The "Schoolgirl" dollar features George T. Morgan's design of Liberty facing left, with E PLURIBUS at the left rim, seven stars above, UNUM at the right rim, four more stars, the date 1879, and finally two more stars before we come back around from whence we began. Liberty's hair is combed back and tied with a ribbon behind her head. A hairband is inscribed LIBERTY, and a string of pearls encircles her throat, as her flowing locks cascade down her shoulder. The reverse features a defiant eagle, seemingly about to take flight, facing left on a rectangular perch with IN GOD WE TRUST. An olive sprig is in the left field, with three arrows in the right field. UNITED STATES OF AMERICA and ONE DOLLAR are at the rims, separated by periods. Struck in silver with a reeded edge.
The Schoolgirl is among the most celebrated and sought-after American coinage patterns, rated a High R.6 by the ninth edition of Judd's United States Pattern Coins. Unlike the unfortunate "Washlady" moniker, here the appellation is richly deserved, with a fresh-faced Liberty wearing a single strand of pearls, appearing to be 14 to 16 and in the first blush of young womanhood. The defiant eagle reverse is reminiscent not only of some of Morgan 1877 half dollar patterns (Judd-1512 and 1513), but Morgan also took it as the model for a much later commemorative gold design, the reverse of the 1915-S Panama-Pacific quarter eagle. Bowers, in his Guide Book of United States Commemorative Coins, opines that the "quarter eagle version looked much less elegant."
The USPatterns.com website credits the 1891 F.W. Doughty sale, conducted by David Proskey and Harlan P. Smith, with the origin of the Schoolgirl nickname. That website gives a census of some 14 pieces including the present example, with three of them off the market in institutional holdings: two at the Smithsonian, one at the American Numismatic Society. The site also notes that "it is likely that most known today in silver and copper trace their pedigree to the Woodin collection and were obtained in trade for 'returning' the two $50 gold patterns to the mint collection." The combined NGC and PCGS certified population stands at 11 pieces, which seems to square with the known census.
In the 1981 catalog of the William R. "Rudy" Sieck Collection--a landmark pattern collection that was especially strong in the half dollar and silver dollar patterns from the 1870s--the cataloger wrote this concerning the present specimen:
"For some reason nearly all known specimens have been cleaned. This and the Garrett coins are marvelous exceptions.

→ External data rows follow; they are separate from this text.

definition tree_verts :: "(nat \<times> nat) list \<Rightarrow> nat set" where
  "tree_verts s = {0 .. length s}"

definition tree_edges :: "(nat \<times> nat) list \<Rightarrow> (nat \<times> nat) set" where
  "tree_edges s = {(fst (s ! k), Suc k) | k. k < length s}"

definition pt :: "int \<times> int \<Rightarrow> complex" where
  "pt q = Complex (of_int (fst q)) (of_int (snd q))"

(* clockwise angle (in [0, 2 pi)) from direction a to direction b *)
definition cw_angle :: "complex \<Rightarrow> complex \<Rightarrow> real" where
  "cw_angle a b = Arg2pi (a / b)"

definition seg :: "(nat \<Rightarrow> int \<times> int) \<Rightarrow> nat \<times> nat \<Rightarrow> complex set" where
  "seg P e = closed_segment (pt (P (fst e))) (pt (P (snd e)))"

definition good_drawing :: "(nat \<times> nat) list \<Rightarrow> (nat \<Rightarrow> int \<times> int) \<Rightarrow> bool" where
  "good_drawing s P \<longleftrightarrow>
     inj_on P (tree_verts s) \<and>
     (\<forall>e \<in> tree_edges s. \<forall>f \<in> tree_edges s. e \<noteq> f \<longrightarrow>
        seg P e \<inter> seg P f \<subseteq> (\<lambda>v. pt (P v)) ` ({fst e, snd e} \<inter> {fst f, snd f})) \<and>
     (\<forall>e \<in> tree_edges s. \<forall>w \<in> tree_verts s. w \<notin> {fst e, snd e} \<longrightarrow>
        pt (P w) \<notin> seg P e) \<and>
     (\<forall>v \<in> tree_verts s.
        let ns = rotation s v;
            dir = (\<lambda>w. pt (P w) - pt (P v))
        in sorted_wrt (<) (map (\<lambda>w. cw_angle (dir (hd ns)) (dir w)) ns))"

(* An algorithm A places vertex v at A (first v items): vertex 0 at A [], vertex k+1
   at the moment item k arrives, knowing only items 0..k.  Positions never change. *)
definition placement :: "((nat \<times> nat) list \<Rightarrow> int \<times> int) \<Rightarrow> (nat \<times> nat) list \<Rightarrow> nat \<Rightarrow> int \<times> int" where
  "placement A s v = A (take v s)"

definition streaming_algorithm :: "((nat \<times> nat) list \<Rightarrow> int \<times> int) \<Rightarrow> bool" where
  "streaming_algorithm A \<longleftrightarrow>
     (\<forall>s. valid_stream s \<longrightarrow> good_drawing s (placement A s))"

definition drawing_area :: "(nat \<times> nat) list \<Rightarrow> (nat \<Rightarrow> int \<times> int) \<Rightarrow> int" where
  "drawing_area s P =
     (let X = (\<lambda>v. fst (P v)) ` tree_verts s; Y = (\<lambda>v. snd (P v)) ` tree_verts s
      in (Max X - Min X) * (Max Y - Min Y))"

end

theory Submission
  imports Defs
begin

text \<open>The adversary only ever builds a star centred at vertex 0, always inserting the new
leaf next to the newest one in the rotation at 0. The newest leaf lies in a wedge bounded
by its two rotation neighbours; the adversary sees where the algorithm put it and inserts
the next leaf on the narrower side, so the wedge at least halves with each edge and after
\<open>n\<close> edges two leaves \<open>u, v\<close> span an angle \<open>\<theta> = O(2\<^sup>-\<^sup>n)\<close> at the centre.
Since the drawing is on the grid, the cross product of \<open>u - 0\<close> and \<open>v - 0\<close> is a positive
integer, so \<open>1 \<le> |u| |v| sin \<theta> \<le> |u| |v| \<theta>\<close>. Both lengths are at most \<open>W + H \<le> 2 W H\<close>
for the bounding box \<open>W \<times> H\<close>, whence \<open>W H = \<Omega>(2\<^sup>n\<^sup>/\<^sup>2)\<close>.\<close>

lemma rot_aux_snoc:
  "rot_aux k (s @ [(p, r)]) R =
     (let R' = rot_aux k s R in
        R'(p := take r (R' p) @ [Suc (k + length s)] @ drop r (R' p), Suc (k + length s) := [p]))"
  by (induction s arbitrary: k R) (auto simp: Let_def)

lemma rotation_snoc:
  "rotation (s @ [(p, r)]) =
     (let R' = rotation s in
        R'(p := take r (R' p) @ [Suc (length s)] @ drop r (R' p), Suc (length s) := [p]))"
  unfolding rotation_def by (simp add: rot_aux_snoc)

lemma rotation_snoc_centre:
  "rotation (s @ [(0, i)]) 0 = take i (rotation s 0) @ Suc (length s) # drop i (rotation s 0)"
  by (simp add: rotation_snoc Let_def)

lemma valid_stream_snoc:
  assumes "valid_stream s" "p \<le> length s"
    and "let d = length (rotation s p) in if d = 0 then r = 0 else 1 \<le> r \<and> r \<le> d"
  shows "valid_stream (s @ [(p, r)])"
  using assms unfolding valid_stream_def
  by (auto simp: nth_append less_Suc_eq Let_def split: if_splits)

definition star_stream :: "(nat \<times> nat) list \<Rightarrow> bool" where
  "star_stream s \<longleftrightarrow> (\<forall>k < length s. fst (s ! k) = 0)"

lemma star_stream_snoc: "star_stream (s @ [(0, i)]) \<longleftrightarrow> star_stream s"
  unfolding star_stream_def by (auto simp: nth_append less_Suc_eq)

lemma star_stream_rotation_centre:
  assumes "star_stream s"
  shows "length (rotation s 0) = length s \<and> set (rotation s 0) \<subseteq> {1..length s}"
  using assms
proof (induction s rule: rev_induct)
  case Nil
  then show ?case by (simp add: rotation_def)
next
  case (snoc x s)
  obtain i where x: "x = (0, i)"
    using snoc.prems unfolding star_stream_def by (cases x) (auto simp: nth_append)
  then have "star_stream s" using snoc.prems star_stream_snoc by simp
  with snoc.IH have "length (rotation s 0) = length s" "set (rotation s 0) \<subseteq> {1..length s}"
    by auto
  moreover have "set (take i (rotation s 0)) \<union> set (drop i (rotation s 0)) = set (rotation s 0)"
    by (metis append_take_drop_id set_append)
  ultimately show ?case by (auto simp: x rotation_snoc_centre)
qed

lemma placement_append: "v \<le> length s \<Longrightarrow> placement A (s @ t) v = placement A s v"
  unfolding placement_def by simp

definition centre_angle :: "((nat \<times> nat) list \<Rightarrow> int \<times> int) \<Rightarrow> (nat \<times> nat) list \<Rightarrow> nat \<Rightarrow> real" where
  "centre_angle A s v = cw_angle (pt (placement A s 1) - pt (placement A s 0))
                                 (pt (placement A s v) - pt (placement A s 0))"

lemma centre_angle_append:
  "v \<le> length s \<Longrightarrow> 1 \<le> length s \<Longrightarrow> centre_angle A (s @ t) v = centre_angle A s v"
  unfolding centre_angle_def by (simp add: placement_append)

definition angle_before :: "((nat \<times> nat) list \<Rightarrow> int \<times> int) \<Rightarrow> (nat \<times> nat) list \<Rightarrow> nat \<Rightarrow> real" where
  "angle_before A s r = centre_angle A s (rotation s 0 ! (r - 1))"

text \<open>The clockwise successor of the last leaf in the rotation at 0 is leaf 1 again, seen
at angle \<open>2 \<pi>\<close>.\<close>

definition angle_after :: "((nat \<times> nat) list \<Rightarrow> int \<times> int) \<Rightarrow> (nat \<times> nat) list \<Rightarrow> nat \<Rightarrow> real" where
  "angle_after A s r =
     (if Suc r < length s then centre_angle A s (rotation s 0 ! Suc r) else 2 * pi)"

lemma wedge_after_insertion:
  assumes "star_stream s" "1 \<le> i" "i \<le> length s"
  shows "angle_before A (s @ [(0, i)]) i = centre_angle A s (rotation s 0 ! (i - 1))"
    and "angle_after A (s @ [(0, i)]) i =
           (if i < length s then centre_angle A s (rotation s 0 ! i) else 2 * pi)"
proof -
  let ?ns = "rotation s 0"
  have len: "length ?ns = length s" and set: "set ?ns \<subseteq> {1..length s}"
    using star_stream_rotation_centre[OF assms(1)] by auto
  have old: "?ns ! j \<le> length s" if "j < length s" for j
    using set len that by (metis atLeastAtMost_iff nth_mem subsetD)
  show "angle_before A (s @ [(0, i)]) i = centre_angle A s (?ns ! (i - 1))"
    using assms len old[of "i - 1"]
    by (simp add: angle_before_def rotation_snoc_centre nth_append centre_angle_append)
  show "angle_after A (s @ [(0, i)]) i =
          (if i < length s then centre_angle A s (?ns ! i) else 2 * pi)"
    using assms len old[of i]
    by (simp add: angle_after_def rotation_snoc_centre nth_append centre_angle_append)
qed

"The Schoolgirl represents a high in American artistic coin design. As a preface to this section notes, this particular coin is Rudy Sieck's all-time favorite. And, that certainly is the opinion of a connoisseur."
Sieck's own words, in the preface to that catalog, are touching: "Of course, the 'Schoolgirl' dollar of 1879 is my favorite pattern. In my opinion it is the most beautiful coin design ever made in America. After the sale I am sure that I will miss 'her' most of all."
The aptly named Schoolgirl dollar pattern is credited to George T. Morgan, designer of the eponymous circulating silver dollars that were roundly condemned at the time of their issue. Casting around for more pleasing designs that were never adopted, Morgan developed this delightful portrait of a young, fresh-faced Liberty. Her hair is tied back with a ribbon, and long waves flow down onto her neckline. She wears a delicate pearl or beaded necklace. The bust truncates in a sharp point. A headband with incused LIBERTY is midway back into her hair. E PLURIBUS is at the left obverse margin with UNUM at the right, with seven stars at the top separating them. The date 1879 is below the bust, with two more to the left and four to the right, for a total of 13. The reverse features the so-called Defiant Eagle design that would later reappear on the rush-job 1915-S Panama-Pacific quarter eagles.
Here, however, the much larger available canvas allows the painter to add detail and vigor: The eagle truly appears about to take flight, and olive branches and arrows flank him on either side. A small plaque underneath his claws reads IN GOD / WE TRUST, and UNITED STATES OF AMERICA and ONE DOLLAR at the rims complete the picture. Struck in copper with a reeded edge.
The Schoolgirl dollars are among the most popular of all U.S. pattern designs, along with the Amazonian and Shield Earring types. They were created only three years after George T. Morgan joined the Mint, a more talented engraver than either William Barber or his son Charles. The Schoolgirl dollars were struck only in copper; silver; and either white metal or lead, a single unique specimen sold by Superior in 1977.
Copper examples of this pattern number only about 10 specimens known today, according to USPatterns.com.